Additionally, keep in mind to avail the exemptions like Go away journey allowance (LTA), customary deduction of ₹50,000 from wage and many others.
“For those who obtain a rental revenue from home property, a flat 30 per cent deduction is allowed from this rental revenue. In case of self-occupied property on a house mortgage, keep in mind to assert the house mortgage principal below 80C and curiosity deduction as much as ₹2 lakh allowed below home property revenue,” stated Gupta. You too can keep in mind to assert saving financial institution curiosity as much as ₹10,000 below Part 80TTA of the Revenue Tax Act.
Step 5: Compute your complete taxable revenue
As soon as deductions to be claimed are decided, the entire taxable revenue is to be computed. Complete taxable revenue could be computed by deducting the entire deductions to be claimed (as computed in Step 3,4) from the entire revenue earned within the monetary 12 months (as computed in Step 1)
Step 6: Compute your tax legal responsibility
You possibly can compute your tax legal responsibility by making use of the related tax slab charges as relevant to you.
Step 7: Decide tax payable
If the TDS deducted on revenue is lower than the tax legal responsibility as computed, the distinction quantity is the tax to be additional paid by the taxpayer earlier than submitting ITR. Nevertheless, if the TDS deducted is greater than the tax legal responsibility, extra tax paid could be claimed for a refund whereas submitting ITR.
Step 8: E-file your ITR
As soon as all of the steps above have been accomplished, the taxpayer can go forward and go to Incometaxindiaefiling.gov.in web site and file their ITR with out Type 16.
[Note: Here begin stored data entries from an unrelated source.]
(* In the setting below, let $q_1,q_2,q_3>0$ with $q_2=q_3$, let $\psi_1,\psi_2,\psi_3>0$, $\eta_1,\eta_2,\eta_3>0$, and $\sigma\in\mathcal{K}$. All inequalities below are required to hold along every solution at every time $t\ge0$ (with $\boldsymbol{u}=\boldsymbol{u}(t,\cdot)$, $\boldsymbol{d}=\boldsymbol{d}(t,\cdot)$), with summation over repeated $j$. (I) If, for solutions with $\boldsymbol{d}\equiv0$, $\sum_{i=1}^3\int_\Omega\big((\frac{q_iC}{Re}-1)u_i^2+q_iU_ju_i\partial_{x_j}u_i+q_iu_ju_i\partial_{x_j}U_i-q_iu_iF_{ij}u_j\big)d\Omega\ge0,$ then every solution with $\boldsymbol{d}\equiv0$ satisfies $\|\boldsymbol{u}\|_{\mathcal{L}^2_{[0,\infty),\Omega}}\le\gamma\|\boldsymbol{u}(0,\cdot)\|_{\mathcal{L}^2_\Omega}$ with $\gamma^2=\max_i q_i$. (II) If $\sum_{i=1}^3\int_\Omega\big((\frac{q_iC}{Re}-1)u_i^2+q_iU_ju_i\partial_{x_j}u_i+q_iu_ju_i\partial_{x_j}U_i-q_iu_iF_{ij}u_j-q_iu_id_i+\eta_i^2d_i^2\big)d\Omega\ge0,$ then every solution with $\boldsymbol{u}(0,\cdot)\equiv0$ satisfies $\|\boldsymbol{u}\|^2_{\mathcal{L}^2_{[0,\infty),\Omega}}\le\sum_{i=1}^3\eta_i^2\|d_i\|^2_{\mathcal{L}^2_{[0,\infty),\Omega}}$. (III) If $\sum_{i=1}^3\int_\Omega\big((\frac{q_iC}{Re}-\psi_iq_i)u_i^2+q_iU_ju_i\partial_{x_j}u_i+q_iu_ju_i\partial_{x_j}U_i-q_iu_iF_{ij}u_j-q_iu_id_i\big)d\Omega+\int_\Omega\sigma(|\boldsymbol{d}|)d\Omega\ge0,$ then there exist $\psi>0$ and $\beta,\tilde\beta,\chi\in\mathcal{K}_\infty$ such that every solution satisfies, for all $t>0$, $\|\boldsymbol{u}(t,\cdot)\|_{\mathcal{L}^2_\Omega}\le\beta\big(e^{-\psi t}\chi(\|\boldsymbol{u}(0,\cdot)\|_{\mathcal{L}^2_\Omega})\big)+\tilde\beta\big(\sup_{\tau\in[0,t)}\int_\Omega\sigma(|\boldsymbol{d}(\tau,\mathrm{x})|)d\Omega\big)$.
   Context: Setting (channel flows). Fix $Re>0$ and a constant matrix $F=(F_{ij})\in\mathbb{R}^{3\times3}$. Coordinates $x=(x_1,x_2,x_3)$ (streamwise, wall-normal, spanwise). All perturbation fields are independent of $x_1$ and defined on a cross-section $\Omega\subset\mathbb{R}^2$ in the variables $\mathrm{x}=(x_2,x_3)$, where either (a) $\Omega$ is a bounded Lipschitz domain and $\boldsymbol{u}=0$ on $\partial\Omega$, or (b) $\Omega=(a,b)\times(0,L)$ with $\boldsymbol{u}=0$ at $x_2\in\{a,b\}$ and all fields $L$-periodic in $x_3$. The base flow is a smooth steady divergence-free field $\boldsymbol{U}=(U_1,U_2,U_3)$ depending only on $(x_2,x_3)$, with pressure $P$, satisfying $0=\frac1{Re}\nabla^2\boldsymbol{U}-\boldsymbol{U}\cdot\nabla\boldsymbol{U}-\nabla P+F\boldsymbol{U}$. A solution is a sufficiently smooth global triple: perturbation velocity $\boldsymbol{u}=(u_1,u_2,u_3):[0,\infty)\times\Omega\to\mathbb{R}^3$, perturbation pressure $p$, forcing $\boldsymbol{d}=(d_1,d_2,d_3):[0,\infty)\times\Omega\to\mathbb{R}^3$, all independent of $x_1$, satisfying the boundary conditions and $$\partial_t u_i=\tfrac1{Re}\nabla^2u_i-u_j\partial_{x_j}u_i-U_j\partial_{x_j}u_i-u_j\partial_{x_j}U_i-\partial_{x_i}p+F_{ij}u_j+d_i\ (i=1,2,3),\qquad \partial_{x_j}u_j=0,$$ with summation over repeated $j\in\{1,2,3\}$ and $\partial_{x_1}\equiv0$ on perturbation quantities. $C>0$ denotes a constant for which the Poincaré inequality $\int_\Omega|\nabla w|^2d\Omega\ge C\int_\Omega w^2d\Omega$ holds for every smooth $w:\Omega\to\mathbb{R}$ satisfying the boundary conditions above. Norms: $\|v\|_{\mathcal{L}^2_\Omega}=(\int_\Omega|v|^2d\Omega)^{1/2}$, $\|v\|_{\mathcal{L}^2_{[0,\infty),\Omega}}=(\int_0^\infty\int_\Omega|v|^2d\Omega\,dt)^{1/2}$, $|\cdot|$ Euclidean norm. $\mathcal{K}$: continuous strictly increasing $f:[0,\infty)\to[0,\infty)$ with $f(0)=0$; $\mathcal{K}_\infty$: functions in $\mathcal{K}$ that are unbounded. *)

theory Defs
  imports "HOL-Analysis.Analysis"
begin

text \<open>
  Cross-section points are pairs x = (x2, x3) :: real \<times> real.
  Vector fields are indexed by natural numbers; only the components 1, 2, 3 are used.
  A perturbation field has type nat \<Rightarrow> real \<Rightarrow> real \<times> real \<Rightarrow> real (component, time, point);
  a steady base-flow field has type nat \<Rightarrow> real \<times> real \<Rightarrow> real.
  Independence of x1 is built into the representation; derivatives in x1 are zero.
\<close>

fun iterD :: "'a::real_normed_vector list \<Rightarrow> ('a \<Rightarrow> real) \<Rightarrow> 'a \<Rightarrow> real" where
  "iterD [] g = g"
| "iterD (v # vs) g = (\<lambda>p. frechet_derivative (iterD vs g) (at p) v)"

definition smooth_on :: "'a::real_normed_vector set \<Rightarrow> ('a \<Rightarrow> real) \<Rightarrow> bool" where
  "smooth_on S g \<longleftrightarrow>
     (\<exists>T. open T \<and> S \<subseteq> T \<and> (\<forall>vs. \<forall>p\<in>T. iterD vs g differentiable (at p)))"

definition dt :: "(real \<Rightarrow> real \<times> real \<Rightarrow> real) \<Rightarrow> real \<Rightarrow> real \<times> real \<Rightarrow> real" where
  "dt f t x = frechet_derivative (\<lambda>(s, y). f s y) (at (t, x)) (1, (0, 0))"

definition sdx :: "nat \<Rightarrow> (real \<times> real \<Rightarrow> real) \<Rightarrow> real \<times> real \<Rightarrow> real" where
  "sdx j w x =
     (if j = 2 then frechet_derivative w (at x) (1, 0)
      else if j = 3 then frechet_derivative w (at x) (0, 1)
      else 0)"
Step 9: E-verify your returns
As soon as the return is filed, keep in mind to e- confirm it. ITR filed with out e-verification is incomplete and won’t be thought of for processing by the revenue tax division. “You possibly can e- confirm your return by way of any mode obtainable on the ITR web site. For example, you may e- confirm your return by way of internet banking, financial institution ATM, demat account quantity, Aadhar OTP, or bodily e-verification by sending a signed copy to CPC, Bengaluru inside 120 days of e-filing and many others.,” stated Gupta.